Lipoprotein Glomerulopathy

A number sign (#) is used with this entry because of evidence that lipoprotein glomerulopathy can be caused by heterozygous mutation in the APOE gene (107741).

Description

Lipoprotein glomerulopathy is an uncommon kidney disease characterized by proteinuria, progressive kidney failure, and distinctive lipoprotein thrombi in glomerular capillaries (Saito et al., 2006). It mainly affects people of Japanese and Chinese origin; in these populations, it is associated with mutations in the gene that encodes apolipoprotein E (APOE; 107741). The disorder had rarely been described in Caucasians.

Clinical Features

Lipoprotein glomerulopathy is characterized by abnormal lipoprotein deposition in the glomeruli, usually with lipoprotein thrombi distending and occluding the glomerular capillary lumina, a variable degree of mesangial proliferation, dysbetalipoproteinemia, and high levels of APOE and APOE2/3 phenotype in most cases (Matsunaga et al., 1999). It has been described predominantly in Japanese and Chinese (Rovin et al., 2007).

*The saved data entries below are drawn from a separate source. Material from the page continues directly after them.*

(* Let $T$ be a reflection factorization with entries in $G_6$ of length $\ell\ge 3$, and suppose at least one of the following holds: (1) $T$ contains at least two entries from $S$ and at least one entry from $R'$; (2) $T$ contains at least two entries from $R_1$ and at least one entry from $S$; (3) $T$ contains at least two entries from $R_1^{-1}$ and at least one entry from $S$. Then for any reflection $x$ whose conjugacy class (among $R_1,R_1^{-1},S$) contains some entry of $T$, there is a factorization in the Hurwitz orbit of $T$ whose right-most entry is $x$.
   Context: Let $G_7$ be the subgroup of $GL_2(\mathbb{C})$ generated by $s=\begin{bmatrix}1&0\\0&-1\end{bmatrix}$, $t=\frac14\begin{bmatrix}(1+\sqrt3)+(-1+\sqrt3)i & (1+\sqrt3)+(-1+\sqrt3)i\\ (-1+\sqrt3)-(1+\sqrt3)i & (1-\sqrt3)+(1+\sqrt3)i\end{bmatrix}$ and $u=t^{\top}$ (presentation $\langle s,t,u\mid s^2=t^3=u^3=1,\ stu=ust=tus\rangle$, order $144$). A reflection is a linear map of $\mathbb{C}^2$ whose fixed space has dimension $1$. Let $S$ be the $G_7$-conjugacy class of $s$ (six reflections of order $2$), $R_1$ the $G_7$-conjugacy class of $t$ (four reflections of order $3$), $R_1^{-1}=\{r^{-1}:r\in R_1\}$ and $R'=R_1\cup R_1^{-1}$. Let $G_6=\langle s,t\rangle$, of order $48$; its fourteen reflections are the elements of $R_1\cup R_1^{-1}\cup S$, and $R_1$, $R_1^{-1}$, $S$ are its reflection conjugacy classes. A reflection factorization of length $\ell$ is a tuple $(r_1,\dots,r_\ell)$ of reflections. The Hurwitz move $\sigma_i$ sends $(r_1,\dots,r_\ell)$ to $(r_1,\dots,r_{i-1},r_{i+1},r_{i+1}^{-1}r_ir_{i+1},r_{i+2},\dots,r_\ell)$; the Hurwitz orbit of $T$ is the set of factorizations obtained from $T$ by finite sequences of Hurwitz moves. *)

theory Defs
  imports "HOL-Analysis.Analysis"
begin

type_synonym mat2 = "complex ^ 2 ^ 2"

definition mk2 :: "complex \<Rightarrow> complex \<Rightarrow> complex \<Rightarrow> complex \<Rightarrow> mat2" where
  "mk2 a b c d = vector [vector [a, b], vector [c, d]]"

definition r3 :: complex where "r3 = complex_of_real (sqrt 3)"

definition s_mat :: mat2 where "s_mat = mk2 1 0 0 (-1)"

definition t_mat :: mat2 where
  "t_mat = mk2 (((1 + r3) + (-1 + r3) * \<i>) / 4) (((1 + r3) + (-1 + r3) * \<i>) / 4)
               (((-1 + r3) - (1 + r3) * \<i>) / 4) (((1 - r3) + (1 + r3) * \<i>) / 4)"

definition u_mat :: mat2 where "u_mat = transpose t_mat"

inductive_set gen_group :: "mat2 set \<Rightarrow> mat2 set" for X where
  one: "mat 1 \<in> gen_group X"
| mul: "x \<in> X \<Longrightarrow> g \<in> gen_group X \<Longrightarrow> x ** g \<in> gen_group X"
| mul_inv: "x \<in> X \<Longrightarrow> g \<in> gen_group X \<Longrightarrow> matrix_inv x ** g \<in> gen_group X"

definition G7 :: "mat2 set" where "G7 = gen_group {s_mat, t_mat, u_mat}"
definition G6 :: "mat2 set" where "G6 = gen_group {s_mat, t_mat}"

definition is_reflection :: "mat2 \<Rightarrow> bool" where
  "is_reflection A \<longleftrightarrow> (\<exists>w::complex^2. w \<noteq> 0 \<and> {v. A *v v = v} = {c *s w | c. True})"

definition conj_class :: "mat2 set \<Rightarrow> mat2 \<Rightarrow> mat2 set" where
  "conj_class G a = {g ** a ** matrix_inv g | g. g \<in> G}"

definition S_cls :: "mat2 set" where "S_cls = conj_class G7 s_mat"
definition R1 :: "mat2 set" where "R1 = conj_class G7 t_mat"
definition R1inv :: "mat2 set" where "R1inv = matrix_inv ` R1"
definition Rprime :: "mat2 set" where "Rprime = R1 \<union> R1inv"

text \<open>Hurwitz move sigma_(i+1) (0-based index i, requires i+1 < length).\<close>
definition hurwitz_move :: "nat \<Rightarrow> mat2 list \<Rightarrow> mat2 list" where
  "hurwitz_move i T = T[i := T ! (i+1), i+1 := matrix_inv (T ! (i+1)) ** (T ! i) ** (T ! (i+1))]"

definition hurwitz_step :: "mat2 list \<Rightarrow> mat2 list \<Rightarrow> bool" where
  "hurwitz_step T T' \<longleftrightarrow> (\<exists>i. i + 1 < length T \<and> T' = hurwitz_move i T)"

definition hurwitz_orbit :: "mat2 list \<Rightarrow> mat2 list set" where
  "hurwitz_orbit T = {T'. hurwitz_step\<^sup>*\<^sup>* T T'}"

definition count_in :: "mat2 set \<Rightarrow> mat2 list \<Rightarrow> nat" where
  "count_in C T = length (filter (\<lambda>r. r \<in> C) T)"

end

theory Submission
  imports Defs
begin

(* Every reflection of G6 is one of fourteen explicit matrices: the six matrices +-sigma_x,
  +-sigma_y, +-sigma_z forming S and four reflections of order three in each of R1 and R1^-1.
  Hurwitz moves conjugate entries by elements of G6, so they never change the class of an entry.
  Hence entries of T forming a short pattern (S S R1, S S R1^-1, R1 R1 S or R1^-1 R1^-1 S if the
  class of x occurs in it, otherwise R1 R1 S R1^-1 or R1^-1 R1^-1 S R1) can be pulled to the front,
  leaving a tail B in G6. Moving the last entry of the pattern through B conjugates it by the
  product of B, so it suffices that the pattern part can be brought to end in a suitable conjugate
  of x. For the finitely many patterns over the fourteen reflections this is checked by evaluation:
  a few fixed move words, each followed by rotations of the last pair, reach every required
  last entry. *)

lemma matrix_inv_unique:
  fixes A B :: "'a::field^'n^'n"
  assumes "A ** B = mat 1"
  shows "matrix_inv A = B"
proof -
  have BA: "B ** A = mat 1"
    using assms matrix_left_right_inverse by blast
  have inv: "A ** matrix_inv A = mat 1 \<and> matrix_inv A ** A = mat 1"
    unfolding matrix_inv_def by (rule someI[of _ B]) (use assms BA in simp)
  have "matrix_inv A = (B ** A) ** matrix_inv A"
    by (simp add: BA)
  also have "\<dots> = B"
    using inv by (simp flip: matrix_mul_assoc)
  finally show ?thesis .
qed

Rovin et al. (2007) described 2 European American families in each of which a single male presented with edema and proteinuria in the nephrotic range. In both, kidney biopsy showed an amorphous material that stained positive for neutral lipids in almost all glomerular capillaries. One clinically unaffected heterozygous female, an aunt of one of the probands, showed in a nephrectomy specimen obtained for therapy of renal cell carcinoma a glomerulus with dilated capillary loops containing amorphous material similar to that found in the patients with lipoprotein glomerulopathy.

Molecular Genetics

Oikawa et al. (1997) identified 3 Japanese patients with lipoprotein glomerulopathy who were heterozygous for an arg145-to-pro mutation in APOE (R145P; 107741.0032). The authors designated this variant 'APOE Sendai.'

Matsunaga et al. (1999) reported a Japanese man with lipoprotein glomerulopathy who carried an arg25-to-cys mutation in APOE (R25C; 107741.0033). The patient's mother, a heterozygous carrier, had dysbetalipoproteinemia but no lipoprotein glomerulopathy. Matsunaga et al. (1999) termed this variant 'APOE Kyoto.'

In 2 unrelated American men of European ancestry with lipoprotein glomerulopathy, Rovin et al. (2007) detected an R25C substitution in APOE. Heterozygous female carriers were clinically unaffected. Rovin et al. (2007) remarked that the APOE Kyoto mutation appears to be sufficient to lead to glomerular lipoprotein deposition but not to clinical lipoprotein glomerulopathy. Apolipoprotein E may accumulate in glomerular capillaries because the mutation diminishes the capacity of apolipoprotein E to bind to the low-density lipoprotein (LDL) receptor and also decreases its uptake by endothelial cells. Impaired LPL binding was also seen with APOE Sendai (Ishigaki et al., 2000). Rovin et al. (2007) suggested that APOE Kyoto carriers in whom the disease develops may have a second defect that reduces clearance of abnormal lipoprotein through pathways that are independent of the LDL receptor.